All those sites rely on extensive communities to serve recommendations to potential readers, and in comparison, Browsery is a bit more limited. The format is simple: a user asks a question: "What is your favorite fantasy novel of all time?" Or "I've been enjoying travel books in time recently." Any suggestions? "- then other users can respond with a recommendation and a brief review on why they like that book.
That round-trip interaction gives the application a more personal feel than similar sites. While the pages of Goodreads and Amazon (and even Barnes and Noble) focus on revisions, Browsery explicitly asks readers to provide a unique answer to a specific question. It is one thing to make a list of books about time travel, but it is another thing to recommend The Gone World for its interesting approach to a procedure in which researchers can change the results in the course of their research. Recommendations seem more important than simply seeing a pop-up book in a search or appearing in a news source. The ability to ask open questions ("What is your favorite book about Mars?") And super specific ("Does anyone have any good urban fantasy series besides Mercy Thompson and Kate Daniels?") Allows a variety of answers for people Looking for something informally or something similar to your favorite novel.

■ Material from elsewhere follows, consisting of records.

lemma character_on_adjoin:
  assumes \<psi>: "character_on G K \<psi>" and w: "w ^ rel_ord G K g = \<psi> (g [^] rel_ord G K g)"
  shows "character_on G (adjoin G K g) (adjoin_extension G K g \<psi> w)"
    and "\<forall>k\<in>K. adjoin_extension G K g \<psi> w k = \<psi> k"
    and "adjoin_extension G K g \<psi> w g = w"
proof -
  note formula = adjoin_extension_mult_pow[OF \<psi> w]
  show "character_on G (adjoin G K g) (adjoin_extension G K g \<psi> w)"
    unfolding character_on_def
  proof (intro conjI ballI)
    fix x assume "x \<in> adjoin G K g"
    then obtain k and j :: nat where "x = k \<otimes> g [^] j" "k \<in> K"
      unfolding adjoin_def by blast
    moreover have "w \<noteq> 0"
      using w \<psi> pow_rel_ord_mem[OF finite_carrier K g] rel_ord_pos[OF finite_carrier K g]
      by (auto simp: character_on_def power_0_left)
    ultimately show "adjoin_extension G K g \<psi> w x \<noteq> 0"
      using \<psi> formula by (simp add: character_on_def)
  next
    fix x y assume "x \<in> adjoin G K g" "y \<in> adjoin G K g"
    then obtain k k' and i j :: nat
      where "x = k \<otimes> g [^] i" "k \<in> K" "y = k' \<otimes> g [^] j" "k' \<in> K"
      unfolding adjoin_def by blast
    then show "adjoin_extension G K g \<psi> w (x \<otimes> y)
        = adjoin_extension G K g \<psi> w x * adjoin_extension G K g \<psi> w y"
      using K g \<psi> formula
      by (simp add: mult_pow_mult_mult_pow subgroup.mem_carrier subgroup.m_closed power_add
          character_on_def)
  qed
  show "\<forall>k\<in>K. adjoin_extension G K g \<psi> w k = \<psi> k"
    using formula[of _ 0] K by (simp add: subgroup.mem_carrier)
  show "adjoin_extension G K g \<psi> w g = w"
    using formula[of \<one> 1] K g character_on_one[OF K \<psi>] by (simp add: subgroup.one_closed)
qed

That specific approach to asking questions means that the application is quite limited. You can add books to your profile, but the way to do it is a bit indirect; It is more designed to save recommendations that you want to remove instead of cataloging your own personal library. There is also no tracking function, such as Goodreads, to ensure that you continue to use the application each time you pick up a book. That is unfortunate since it is an indispensable feature in the Goodreads application that I use religiously to track where I am in any of the half a dozen books that I am reading at any given time. As with all applications, more features are likely to be added after launch after more user feedback.